=== Directions for this task ===
In the listing below, print exactly the lines from the first through the one that contains "signed_perms n. Cset".

◇ ◇ ◇ ◇

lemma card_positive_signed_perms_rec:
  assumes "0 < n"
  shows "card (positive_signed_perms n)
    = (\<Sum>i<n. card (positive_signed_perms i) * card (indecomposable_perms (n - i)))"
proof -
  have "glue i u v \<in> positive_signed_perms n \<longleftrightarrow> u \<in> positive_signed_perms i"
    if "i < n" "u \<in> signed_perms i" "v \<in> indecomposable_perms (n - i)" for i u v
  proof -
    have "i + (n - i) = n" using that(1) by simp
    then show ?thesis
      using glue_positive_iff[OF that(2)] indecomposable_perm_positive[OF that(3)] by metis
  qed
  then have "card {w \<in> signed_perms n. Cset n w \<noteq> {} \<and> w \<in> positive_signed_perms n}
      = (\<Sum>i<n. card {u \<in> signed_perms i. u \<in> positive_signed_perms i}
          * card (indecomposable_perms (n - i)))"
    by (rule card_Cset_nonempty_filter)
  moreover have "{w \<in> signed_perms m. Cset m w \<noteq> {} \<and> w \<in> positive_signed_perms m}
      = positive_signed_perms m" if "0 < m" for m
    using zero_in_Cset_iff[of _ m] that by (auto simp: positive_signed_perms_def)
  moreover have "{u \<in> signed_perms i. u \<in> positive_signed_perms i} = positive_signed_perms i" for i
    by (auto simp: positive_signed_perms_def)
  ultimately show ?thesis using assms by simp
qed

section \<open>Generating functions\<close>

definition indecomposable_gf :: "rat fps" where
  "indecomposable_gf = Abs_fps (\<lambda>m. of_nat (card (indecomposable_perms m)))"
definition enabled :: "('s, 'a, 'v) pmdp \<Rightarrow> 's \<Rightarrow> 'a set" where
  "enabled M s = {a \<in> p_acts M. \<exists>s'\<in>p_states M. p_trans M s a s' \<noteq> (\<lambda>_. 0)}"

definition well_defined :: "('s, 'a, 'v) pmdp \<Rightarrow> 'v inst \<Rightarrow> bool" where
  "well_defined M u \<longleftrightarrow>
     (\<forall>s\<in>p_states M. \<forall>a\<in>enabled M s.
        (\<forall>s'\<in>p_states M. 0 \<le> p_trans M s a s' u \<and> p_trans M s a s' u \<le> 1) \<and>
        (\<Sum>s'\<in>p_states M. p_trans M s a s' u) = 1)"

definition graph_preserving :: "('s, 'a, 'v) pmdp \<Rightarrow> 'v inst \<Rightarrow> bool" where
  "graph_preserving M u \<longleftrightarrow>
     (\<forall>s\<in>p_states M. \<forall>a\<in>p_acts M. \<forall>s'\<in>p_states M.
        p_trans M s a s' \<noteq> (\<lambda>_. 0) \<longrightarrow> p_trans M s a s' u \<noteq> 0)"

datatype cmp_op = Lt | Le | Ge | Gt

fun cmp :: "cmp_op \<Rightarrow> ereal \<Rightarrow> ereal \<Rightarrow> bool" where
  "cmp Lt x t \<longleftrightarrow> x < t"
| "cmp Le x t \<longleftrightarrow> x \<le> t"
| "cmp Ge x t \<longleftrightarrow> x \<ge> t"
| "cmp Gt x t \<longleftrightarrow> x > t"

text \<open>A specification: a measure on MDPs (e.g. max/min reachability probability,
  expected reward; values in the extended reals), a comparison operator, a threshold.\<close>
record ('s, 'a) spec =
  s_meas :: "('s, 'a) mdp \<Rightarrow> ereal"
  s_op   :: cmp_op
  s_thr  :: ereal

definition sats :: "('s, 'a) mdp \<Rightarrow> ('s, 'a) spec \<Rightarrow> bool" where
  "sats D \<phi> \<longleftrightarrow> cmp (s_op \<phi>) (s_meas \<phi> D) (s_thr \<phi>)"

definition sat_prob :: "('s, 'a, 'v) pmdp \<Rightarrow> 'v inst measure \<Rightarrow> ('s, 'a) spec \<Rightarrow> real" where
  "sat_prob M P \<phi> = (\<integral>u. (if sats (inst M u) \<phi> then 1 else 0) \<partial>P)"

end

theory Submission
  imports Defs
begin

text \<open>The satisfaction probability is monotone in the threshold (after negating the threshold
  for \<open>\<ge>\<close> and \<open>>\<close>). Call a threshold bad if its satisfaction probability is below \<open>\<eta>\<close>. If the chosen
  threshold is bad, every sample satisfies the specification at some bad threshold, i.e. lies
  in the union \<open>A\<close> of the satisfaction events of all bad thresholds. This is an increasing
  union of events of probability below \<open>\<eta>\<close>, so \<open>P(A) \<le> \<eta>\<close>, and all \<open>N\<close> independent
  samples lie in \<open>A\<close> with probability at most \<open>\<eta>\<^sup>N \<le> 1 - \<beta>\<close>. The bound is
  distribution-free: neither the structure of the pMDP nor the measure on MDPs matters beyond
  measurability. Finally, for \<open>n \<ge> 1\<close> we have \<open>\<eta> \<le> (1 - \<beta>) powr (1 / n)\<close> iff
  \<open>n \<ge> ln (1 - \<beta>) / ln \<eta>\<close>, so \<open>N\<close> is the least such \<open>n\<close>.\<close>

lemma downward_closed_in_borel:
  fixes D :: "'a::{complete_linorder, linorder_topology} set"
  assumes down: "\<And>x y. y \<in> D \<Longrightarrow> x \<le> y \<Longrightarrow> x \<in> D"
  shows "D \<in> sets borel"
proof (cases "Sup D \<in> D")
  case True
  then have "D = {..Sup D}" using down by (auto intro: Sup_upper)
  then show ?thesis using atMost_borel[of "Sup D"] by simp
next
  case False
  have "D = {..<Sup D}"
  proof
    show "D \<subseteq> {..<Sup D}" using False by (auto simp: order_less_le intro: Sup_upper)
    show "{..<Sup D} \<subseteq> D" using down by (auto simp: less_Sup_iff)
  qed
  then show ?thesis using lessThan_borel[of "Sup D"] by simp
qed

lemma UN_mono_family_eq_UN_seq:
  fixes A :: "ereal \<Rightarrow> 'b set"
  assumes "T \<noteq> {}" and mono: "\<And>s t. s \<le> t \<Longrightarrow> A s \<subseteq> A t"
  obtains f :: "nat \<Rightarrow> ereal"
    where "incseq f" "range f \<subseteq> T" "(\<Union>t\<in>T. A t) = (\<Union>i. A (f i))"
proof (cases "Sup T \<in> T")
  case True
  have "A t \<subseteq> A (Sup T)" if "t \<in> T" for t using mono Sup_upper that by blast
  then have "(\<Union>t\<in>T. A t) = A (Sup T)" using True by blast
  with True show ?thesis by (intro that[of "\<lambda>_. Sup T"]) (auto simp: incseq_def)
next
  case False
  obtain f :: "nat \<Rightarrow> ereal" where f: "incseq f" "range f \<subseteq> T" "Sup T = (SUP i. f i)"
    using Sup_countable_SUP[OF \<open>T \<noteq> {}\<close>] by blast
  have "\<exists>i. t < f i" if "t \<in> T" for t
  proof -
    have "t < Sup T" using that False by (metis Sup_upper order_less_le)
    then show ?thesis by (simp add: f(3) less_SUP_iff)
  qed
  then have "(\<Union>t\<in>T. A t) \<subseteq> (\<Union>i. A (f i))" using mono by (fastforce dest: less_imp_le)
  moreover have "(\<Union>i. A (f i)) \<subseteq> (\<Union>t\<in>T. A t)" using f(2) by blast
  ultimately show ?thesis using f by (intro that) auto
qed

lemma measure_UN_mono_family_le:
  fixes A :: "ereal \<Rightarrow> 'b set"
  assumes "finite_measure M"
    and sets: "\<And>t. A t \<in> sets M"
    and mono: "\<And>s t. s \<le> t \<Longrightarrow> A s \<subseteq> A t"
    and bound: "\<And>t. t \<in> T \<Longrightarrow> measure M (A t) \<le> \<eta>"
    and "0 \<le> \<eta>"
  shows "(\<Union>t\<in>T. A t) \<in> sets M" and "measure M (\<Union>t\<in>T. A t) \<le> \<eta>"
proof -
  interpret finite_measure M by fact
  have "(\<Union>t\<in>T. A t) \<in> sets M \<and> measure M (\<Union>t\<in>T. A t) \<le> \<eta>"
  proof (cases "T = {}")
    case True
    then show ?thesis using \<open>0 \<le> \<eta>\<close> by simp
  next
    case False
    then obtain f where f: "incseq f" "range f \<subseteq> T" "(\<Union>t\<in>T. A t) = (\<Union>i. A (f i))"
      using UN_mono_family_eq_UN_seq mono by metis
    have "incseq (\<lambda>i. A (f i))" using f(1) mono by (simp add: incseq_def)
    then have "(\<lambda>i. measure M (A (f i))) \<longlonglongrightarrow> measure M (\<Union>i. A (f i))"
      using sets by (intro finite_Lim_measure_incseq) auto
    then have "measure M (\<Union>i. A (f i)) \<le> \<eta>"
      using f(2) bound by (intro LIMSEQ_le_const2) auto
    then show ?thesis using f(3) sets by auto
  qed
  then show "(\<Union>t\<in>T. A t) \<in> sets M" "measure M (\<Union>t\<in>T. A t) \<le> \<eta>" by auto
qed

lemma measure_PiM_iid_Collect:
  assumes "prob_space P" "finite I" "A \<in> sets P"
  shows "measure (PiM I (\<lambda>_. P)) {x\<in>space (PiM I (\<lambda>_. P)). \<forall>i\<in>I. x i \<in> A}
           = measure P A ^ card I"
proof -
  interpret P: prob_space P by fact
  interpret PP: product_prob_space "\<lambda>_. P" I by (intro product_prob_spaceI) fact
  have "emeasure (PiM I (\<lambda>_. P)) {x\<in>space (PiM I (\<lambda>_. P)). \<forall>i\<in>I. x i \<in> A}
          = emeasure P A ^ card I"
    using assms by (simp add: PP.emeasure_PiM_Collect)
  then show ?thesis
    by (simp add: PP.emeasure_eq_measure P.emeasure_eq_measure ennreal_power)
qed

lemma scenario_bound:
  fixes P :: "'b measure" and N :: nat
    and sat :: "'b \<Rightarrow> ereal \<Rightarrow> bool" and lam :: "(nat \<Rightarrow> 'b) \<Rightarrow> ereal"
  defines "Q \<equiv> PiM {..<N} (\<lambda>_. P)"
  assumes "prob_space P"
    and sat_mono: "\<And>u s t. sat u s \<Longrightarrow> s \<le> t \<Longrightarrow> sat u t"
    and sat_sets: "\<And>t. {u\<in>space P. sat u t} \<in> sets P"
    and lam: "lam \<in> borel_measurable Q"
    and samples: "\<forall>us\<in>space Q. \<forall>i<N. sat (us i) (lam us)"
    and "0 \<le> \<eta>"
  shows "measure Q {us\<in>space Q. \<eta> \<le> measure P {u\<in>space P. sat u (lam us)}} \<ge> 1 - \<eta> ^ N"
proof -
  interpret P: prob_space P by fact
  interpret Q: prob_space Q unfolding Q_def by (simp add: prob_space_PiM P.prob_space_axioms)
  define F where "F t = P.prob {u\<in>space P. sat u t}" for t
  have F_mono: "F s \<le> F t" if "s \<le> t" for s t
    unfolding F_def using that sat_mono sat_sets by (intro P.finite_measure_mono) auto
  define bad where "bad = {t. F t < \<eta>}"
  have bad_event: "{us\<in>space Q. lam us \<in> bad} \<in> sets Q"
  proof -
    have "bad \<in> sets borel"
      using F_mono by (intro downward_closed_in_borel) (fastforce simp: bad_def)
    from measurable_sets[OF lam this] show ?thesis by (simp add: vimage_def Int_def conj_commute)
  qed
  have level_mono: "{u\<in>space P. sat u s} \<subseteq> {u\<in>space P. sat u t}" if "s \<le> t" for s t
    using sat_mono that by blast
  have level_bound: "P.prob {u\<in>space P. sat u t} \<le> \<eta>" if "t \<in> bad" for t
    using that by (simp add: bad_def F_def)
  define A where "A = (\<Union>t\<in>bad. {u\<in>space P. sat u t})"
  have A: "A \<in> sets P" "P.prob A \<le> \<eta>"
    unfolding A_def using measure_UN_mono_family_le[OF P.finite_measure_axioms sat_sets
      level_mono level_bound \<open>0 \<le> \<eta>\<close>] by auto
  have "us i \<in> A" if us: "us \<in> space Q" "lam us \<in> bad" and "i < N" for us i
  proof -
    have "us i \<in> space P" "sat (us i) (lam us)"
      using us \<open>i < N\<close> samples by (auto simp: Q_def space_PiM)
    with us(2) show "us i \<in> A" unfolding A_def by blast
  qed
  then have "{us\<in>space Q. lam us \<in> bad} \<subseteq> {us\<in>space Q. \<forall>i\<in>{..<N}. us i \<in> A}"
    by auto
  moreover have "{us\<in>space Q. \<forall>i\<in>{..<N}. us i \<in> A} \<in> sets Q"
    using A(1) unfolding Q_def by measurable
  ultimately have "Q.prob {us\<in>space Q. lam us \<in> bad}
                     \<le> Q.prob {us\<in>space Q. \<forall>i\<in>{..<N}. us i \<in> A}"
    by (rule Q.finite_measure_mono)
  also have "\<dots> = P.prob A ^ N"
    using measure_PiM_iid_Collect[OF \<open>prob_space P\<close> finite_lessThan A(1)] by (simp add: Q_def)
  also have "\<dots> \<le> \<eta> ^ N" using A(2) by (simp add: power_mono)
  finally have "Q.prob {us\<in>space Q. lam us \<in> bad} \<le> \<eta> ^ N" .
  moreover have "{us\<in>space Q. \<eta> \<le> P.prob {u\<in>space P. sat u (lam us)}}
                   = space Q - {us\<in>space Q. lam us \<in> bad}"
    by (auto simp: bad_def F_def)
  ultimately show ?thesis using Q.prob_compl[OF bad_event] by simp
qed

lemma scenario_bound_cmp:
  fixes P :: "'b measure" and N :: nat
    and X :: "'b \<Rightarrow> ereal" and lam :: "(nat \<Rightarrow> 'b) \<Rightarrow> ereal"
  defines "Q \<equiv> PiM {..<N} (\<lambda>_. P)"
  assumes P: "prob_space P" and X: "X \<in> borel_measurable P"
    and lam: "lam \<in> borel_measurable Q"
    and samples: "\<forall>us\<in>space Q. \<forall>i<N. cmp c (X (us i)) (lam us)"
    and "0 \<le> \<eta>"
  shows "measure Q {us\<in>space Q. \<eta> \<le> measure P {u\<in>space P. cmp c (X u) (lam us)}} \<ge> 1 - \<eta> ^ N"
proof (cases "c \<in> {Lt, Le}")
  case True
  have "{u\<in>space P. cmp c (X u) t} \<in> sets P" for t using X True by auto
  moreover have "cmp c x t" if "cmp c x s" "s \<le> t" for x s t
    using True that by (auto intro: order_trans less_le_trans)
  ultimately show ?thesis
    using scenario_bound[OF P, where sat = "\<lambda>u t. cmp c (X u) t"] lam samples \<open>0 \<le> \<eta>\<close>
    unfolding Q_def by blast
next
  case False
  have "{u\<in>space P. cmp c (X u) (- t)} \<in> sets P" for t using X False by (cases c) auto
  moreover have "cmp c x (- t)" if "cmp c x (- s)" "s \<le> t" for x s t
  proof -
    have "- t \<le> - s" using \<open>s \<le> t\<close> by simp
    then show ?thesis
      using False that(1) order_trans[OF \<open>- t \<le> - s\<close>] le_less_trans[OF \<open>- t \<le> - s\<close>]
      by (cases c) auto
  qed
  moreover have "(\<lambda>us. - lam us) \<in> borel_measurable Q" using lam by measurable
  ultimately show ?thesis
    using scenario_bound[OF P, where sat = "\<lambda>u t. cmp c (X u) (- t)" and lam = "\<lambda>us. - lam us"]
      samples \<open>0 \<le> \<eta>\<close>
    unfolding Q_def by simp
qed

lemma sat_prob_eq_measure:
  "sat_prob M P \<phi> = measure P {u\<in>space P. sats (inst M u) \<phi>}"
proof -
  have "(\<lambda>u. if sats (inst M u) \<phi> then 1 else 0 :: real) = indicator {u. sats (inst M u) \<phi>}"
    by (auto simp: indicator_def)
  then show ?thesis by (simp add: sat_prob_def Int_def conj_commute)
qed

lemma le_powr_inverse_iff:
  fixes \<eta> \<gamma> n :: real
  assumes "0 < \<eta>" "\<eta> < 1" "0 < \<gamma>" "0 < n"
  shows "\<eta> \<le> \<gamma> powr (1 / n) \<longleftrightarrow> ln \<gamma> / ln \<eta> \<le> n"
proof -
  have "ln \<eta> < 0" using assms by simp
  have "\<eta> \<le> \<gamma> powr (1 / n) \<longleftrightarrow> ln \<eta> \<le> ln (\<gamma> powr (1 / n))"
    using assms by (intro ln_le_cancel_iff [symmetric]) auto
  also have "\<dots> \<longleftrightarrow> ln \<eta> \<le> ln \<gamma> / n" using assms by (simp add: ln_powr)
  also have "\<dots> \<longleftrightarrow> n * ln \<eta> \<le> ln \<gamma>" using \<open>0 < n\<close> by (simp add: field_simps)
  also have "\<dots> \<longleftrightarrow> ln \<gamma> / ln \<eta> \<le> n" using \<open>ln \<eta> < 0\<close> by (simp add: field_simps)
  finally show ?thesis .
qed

◇ ◇ ◇ ◇

=== Response to the exercise ===
lemma card_positive_signed_perms_rec:
  assumes "0 < n"
  shows "card (positive_signed_perms n)
    = (\<Sum>i<n. card (positive_signed_perms i) * card (indecomposable_perms (n - i)))"
proof -
  have "glue i u v \<in> positive_signed_perms n \<longleftrightarrow> u \<in> positive_signed_perms i"
    if "i < n" "u \<in> signed_perms i" "v \<in> indecomposable_perms (n - i)" for i u v
  proof -
    have "i + (n - i) = n" using that(1) by simp
    then show ?thesis
      using glue_positive_iff[OF that(2)] indecomposable_perm_positive[OF that(3)] by metis
  qed
  then have "card {w \<in> signed_perms n. Cset n w \<noteq> {} \<and> w \<in> positive_signed_perms n}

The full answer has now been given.